第1章 祭りの夜
「桃弥さん、おかえりなさいませ」
「ただいま、元気だったか?」
「はい。お陰様で元気にしております」
「それは良かった」
すっかり大人の男性となった桃弥さんを見て少し驚いてしまった。父親である杏壱さんとはまた違う若くてどこか色気のある美青年になっていた。
「久しぶりだね。桃弥」
「……ご無沙汰してます」
玄関で出迎えていた私の後ろから、杏壱さんが顔をだすと、穏やかだった桃弥さんの表情に一瞬陰りが見えた。
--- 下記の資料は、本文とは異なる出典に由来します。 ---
text \<open>\<open>H\<^sup>(\<^sup>S\<^sup>)\<close> consists exactly of the vectors of \<open>\<ell>\<^sup>2(A)\<close> satisfying all coordinate
  equations: the generators belong to \<open>H\<^sup>(\<^sup>R\<^sup>)\<close>, and orthogonality to them passes
  to their closed span.\<close>

lemma HS_iff_coords:
  "\<phi> \<in> HS p q r \<longleftrightarrow> \<phi> \<in> ell2A r \<and> (\<forall>j. acoord p q r \<phi> j = 0 \<and> bcoord p q r \<phi> j = 0)"
proof
  assume hs: "\<phi> \<in> HS p q r"
  have orth: "\<And>\<psi>. \<psi> \<in> HR p q r \<Longrightarrow> inner2 \<psi> \<phi> = 0" using hs unfolding HS_def orth_def by auto
  have "avec p q r j \<in> HR p q r" for j
    unfolding HR_def by (rule generator_in_cspan) (auto intro: supp_avec avec_arcs)
  then have A: "acoord p q r \<phi> j = 0" for j using orth inner_avec by metis
  have "bvec p q r j \<in> HR p q r" for j
    unfolding HR_def by (rule generator_in_cspan) (auto intro: supp_bvec bvec_arcs)
  then have B: "bcoord p q r \<phi> j = 0" for j using orth inner_bvec by metis
  show "\<phi> \<in> ell2A r \<and> (\<forall>j. acoord p q r \<phi> j = 0 \<and> bcoord p q r \<phi> j = 0)"
    using hs A B unfolding HS_def orth_def by simp
next
  assume coords: "\<phi> \<in> ell2A r \<and> (\<forall>j. acoord p q r \<phi> j = 0 \<and> bcoord p q r \<phi> j = 0)"
  have "inner2 \<psi> \<phi> = 0" if "\<psi> \<in> HR p q r" for \<psi>
    using that unfolding HR_def
  proof (rule cspan_orth[rotated 2])
    fix x assume "x \<in> range (avec p q r) \<union> range (bvec p q r)"
    then show "finite (supp x) \<and> inner2 x \<phi> = 0"
      using supp_avec supp_bvec inner_avec inner_bvec coords by auto
  qed (use coords in simp)
  then show "\<phi> \<in> HS p q r" using coords unfolding HS_def orth_def by auto
qed

text \<open>Solutions of the coordinate equations are determined by their values on the
  R-arcs of the vertices in \<open>\<S>\<close>.  One vertex step: once the arcs towards \<open>v - 1\<close>
  vanish, the a-equation at \<open>v\<close> forces \<open>\<psi>(v+1,v) = \<psi>(v,v) = 0\<close> (using \<open>p\<^sub>v > 0\<close>, and
  \<open>r\<^sub>v > 0\<close> or the absence of the O-arc), and then the b-equation forces \<open>\<psi>(v,v+1) = 0\<close>.\<close>

lemma propagation_step:
  assumes A: "acoord p q r \<psi> v = 0" and B: "bcoord p q r \<psi> v = 0"
    and off: "\<And>e. e \<notin> arcs r \<Longrightarrow> \<psi> e = 0"
    and R: "r v > 0 \<Longrightarrow> \<psi> (Suc v, v) = 0"
    and prev: "v > 0 \<Longrightarrow> \<psi> (v - 1, v) = 0 \<and> \<psi> (v, v - 1) = 0"
  shows "\<psi> (Suc v, v) = 0 \<and> \<psi> (v, v) = 0 \<and> \<psi> (v, Suc v) = 0"
proof -
  have L: "complex_of_real (sqrt (q v)) * \<psi> (v - 1, v) = 0"
    and L': "complex_of_real (sqrt (q v)) * \<psi> (v, v - 1) = 0"
    using prev q0 by (cases "v = 0", simp_all)+
  have a: "complex_of_real (sqrt (r v)) * \<psi> (v, v) + complex_of_real (sqrt (p v)) * \<psi> (Suc v, v) = 0"
    using A unfolding acoord_def L by simp
  have pv: "complex_of_real (sqrt (p v)) \<noteq> 0" using ppos[of v] by simp
  have RO: "\<psi> (Suc v, v) = 0 \<and> \<psi> (v, v) = 0"
  proof (cases "r v > 0")
    case True
    then show ?thesis using a R by simp
  next
    case False
    then have "\<psi> (v, v) = 0" using off by (simp add: arcs_iff)
    then show ?thesis using a pv by simp
  qed
  have "complex_of_real (sqrt (p v)) * \<psi> (v, Suc v) = 0"
    using B RO unfolding bcoord_def L' by simp
  then show ?thesis using RO pv by simp
qed

lemma zero_by_propagation:
  assumes A: "\<And>j. acoord p q r \<psi> j = 0" and B: "\<And>j. bcoord p q r \<psi> j = 0"
    and off: "\<And>e. e \<notin> arcs r \<Longrightarrow> \<psi> e = 0"
    and R: "\<And>v. r v > 0 \<Longrightarrow> \<psi> (Suc v, v) = 0"
  shows "\<psi> = (\<lambda>e. 0)"
proof
  have vertex: "\<psi> (Suc v, v) = 0 \<and> \<psi> (v, v) = 0 \<and> \<psi> (v, Suc v) = 0" for v
  proof (induction v)
    case 0 show ?case by (rule propagation_step[OF A B off R]) auto
  next
    case (Suc v) then show ?case by (intro propagation_step[OF A B off R]) simp_all
  qed
  fix e :: "nat \<times> nat"
  obtain a b where e: "e = (a, b)" by (cases e)
  consider "a = Suc b" | "Suc a = b" | "a = b" | "e \<notin> arcs r" using e by (auto simp: arcs_iff)
  then show "\<psi> e = 0"
  proof cases
    case 1 then show ?thesis using vertex[of b] e by simp
  next
    case 2 then show ?thesis using vertex[of a] e by auto
  next
    case 3 then show ?thesis using vertex[of b] e by simp
  qed (use off in simp)
qed

end

definition eta_ub :: "(nat \<Rightarrow> real) \<Rightarrow> nat \<Rightarrow> nat option" where
  "eta_ub r k = (if Suc k \<in> Kset r then Some (sj r (Suc k)) else None)"

lemma eta_eq_gen: "eta p q r k = eta_gen p q r (sj r k) (eta_ub r k)"
  unfolding eta_def eta_ub_def Kset_def by simp

context walk begin

lemma eta_gen_hyps:
  assumes k: "k \<in> Kset r"
  shows "r (sj r k) > 0" "\<And>t. eta_ub r k = Some t \<Longrightarrow> sj r k < t \<and> r t > 0"
proof -
  show "r (sj r k) > 0" using sj_prop(1)[OF k] by (simp add: Sset_def)
  fix t assume "eta_ub r k = Some t"
  then have "Suc k \<in> Kset r" "t = sj r (Suc k)" by (auto simp: eta_ub_def split: if_splits)
  then show "sj r k < t \<and> r t > 0" using sj_less[of "Suc k" r k] sj_prop(1)[of "Suc k" r]
    by (simp add: Sset_def)
qed

lemma eta_coords:
  assumes k: "k \<in> Kset r"
  shows "acoord p q r (eta p q r k) v = 0" "bcoord p q r (eta p q r k) v = 0"
  unfolding eta_eq_gen using eta_gen_acoord[OF eta_gen_hyps[OF k]] eta_gen_bcoord[OF eta_gen_hyps[OF k]] by auto

lemma eta_shift_invariant:
  assumes k: "k \<in> Kset r"
  shows "shift (eta p q r k) = eta p q r k"
  unfolding eta_eq_gen using eta_gen_shift[of "eta_ub r k" "sj r k"] eta_gen_hyps(2)[OF k] by auto

lemma eta_support:
  assumes k: "k \<in> Kset r" and nz: "eta p q r k (u, v) \<noteq> 0"
  shows "k \<le> v" "(u, v) \<in> arcs r"
proof -
  have F: "profile p q r (sj r k) (eta_ub r k) u v \<noteq> 0" using nz unfolding eta_eq_gen eta_gen_profile by auto
  have "sj r k \<le> v" using profile_support(1)[OF eta_gen_hyps[OF k] F] .
  then show "k \<le> v" using sj_ge[OF k] by simp
  show "(u, v) \<in> arcs r" using profile_arc_shape[OF F] profile_support(2)[OF eta_gen_hyps[OF k] F] by (auto simp: arcs_iff)
qed

lemma eta_R_arc:
  assumes k: "k \<in> Kset r" and v: "v \<in> Sset r"
  shows "eta p q r k (Suc v, v) =
    (if k = srank r v then complex_of_real ((-1) ^ v * Qc p q v * sqrt (qt q v)) else 0)"
proof (cases "k = srank r v")
  case True
  then have "sj r k = v" using sj_srank[OF v] by simp
  then show ?thesis using True unfolding eta_eq_gen eta_gen_profile profile_R_arc by simp
next
  case False
  then have ne: "sj r k \<noteq> v" using sj_prop(2)[OF k] by auto
  have "\<not> (sj r k < v \<and> below_ub (eta_ub r k) v)"
  proof
    assume a: "sj r k < v \<and> below_ub (eta_ub r k) v"
    then have "Suc k \<in> Kset r" "sj r (Suc k) \<le> v" using sj_next_le[OF k v] by auto
    then show False using a by (simp add: below_ub_def eta_ub_def)
  qed
  then show ?thesis using False ne unfolding eta_eq_gen eta_gen_profile profile_R_arc by auto
qed

lemma eta_expansion_finite:
  assumes "snd e \<le> M"
  shows "((\<lambda>k. c k * eta p q r k e) has_sum (\<Sum>k\<in>{k \<in> Kset r. k \<le> M}. c k * eta p q r k e)) (Kset r)"
proof (rule has_sum_finite_neutralI)
  fix k assume "k \<in> Kset r - {k \<in> Kset r. k \<le> M}"
  then show "c k * eta p q r k e = 0" using eta_support(1)[of k "fst e" "snd e"] assms by (cases e) force
qed auto

lemma eta_expansion_value:
  assumes hs: "\<And>e. ((\<lambda>k. c k * eta p q r k e) has_sum \<phi> e) (Kset r)" and "snd e \<le> M"
  shows "\<phi> e = (\<Sum>k\<in>{k \<in> Kset r. k \<le> M}. c k * eta p q r k e)"
  using has_sum_unique[OF hs eta_expansion_finite[OF assms(2)]] .

text \<open>Hence every coefficientwise sum of the \<open>\<eta>\<^sub>k\<close> solves the coordinate equations:
  near vertex \<open>j\<close> it coincides with a finite combination of solutions.\<close>

lemma eta_expansion_coords:
  assumes hs: "\<And>e. ((\<lambda>k. c k * eta p q r k e) has_sum \<phi> e) (Kset r)"
  shows "acoord p q r \<phi> j = 0" "bcoord p q r \<phi> j = 0"
proof -
  define B where "B = {k \<in> Kset r. k \<le> Suc j}"
  define f where "f = (\<lambda>e. \<Sum>k\<in>B. c k * eta p q r k e)"
  have local: "\<phi> e = f e" if "snd e \<le> Suc j" for e
    unfolding f_def B_def using eta_expansion_value[OF hs that] .
  have "acoord p q r \<phi> j = acoord p q r f j"
    unfolding acoord_def using local[of "(j - 1, j)"] local[of "(j, j)"] local[of "(Suc j, j)"] by simp
  also have "\<dots> = 0" unfolding f_def acoord_sum using eta_coords(1) by (simp add: B_def)
  finally show "acoord p q r \<phi> j = 0" .
  have "bcoord p q r \<phi> j = bcoord p q r f j"
    unfolding bcoord_def using local[of "(j, j - 1)"] local[of "(j, j)"] local[of "(j, Suc j)"] by simp
  also have "\<dots> = 0" unfolding f_def bcoord_sum using eta_coords(2) by (simp add: B_def)
  finally show "bcoord p q r \<phi> j = 0" .
qed

lemma eta_expansion_off_arcs:
  assumes hs: "\<And>e. ((\<lambda>k. c k * eta p q r k e) has_sum \<phi> e) (Kset r)" and e: "e \<notin> arcs r"
  shows "\<phi> e = 0"
proof -
  have "\<phi> e = (\<Sum>k\<in>{k \<in> Kset r. k \<le> snd e}. c k * eta p q r k e)"
    using eta_expansion_value[OF hs] by simp
  also have "\<dots> = 0"
    by (rule sum.neutral) (use e eta_support(2)[of _ "fst e" "snd e"] in \<open>cases e, auto\<close>)
  finally show ?thesis .
qed

lemma eta_expansion_in_HS:
  assumes phi: "\<phi> \<in> ell2A r" and hs: "\<And>e. ((\<lambda>k. c k * eta p q r k e) has_sum \<phi> e) (Kset r)"
  shows "\<phi> \<in> HS p q r"
  unfolding HS_iff_coords using phi eta_expansion_coords[OF hs] by simp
「もしかして、お前も祭りに参加する気になったのかな?」
「まさか。こんな下劣な風習、見るだけでも吐き気がしますよ」
「そんなことを言ってはいけないよ。この祭りは村の繁栄に必要な大切な行事だからね」
「なら、にも参加させたらどうです?まだ二人に子はいないのでしょう?」
その言葉にピンと空気が張り詰めたのを感じた。
私から見て杏壱さんと桃弥さんの仲はあまり良いとは言えない。
というより、杏壱さんは可愛がっているけれど、桃弥さんが一方的に杏壱さんを嫌っているように感じる。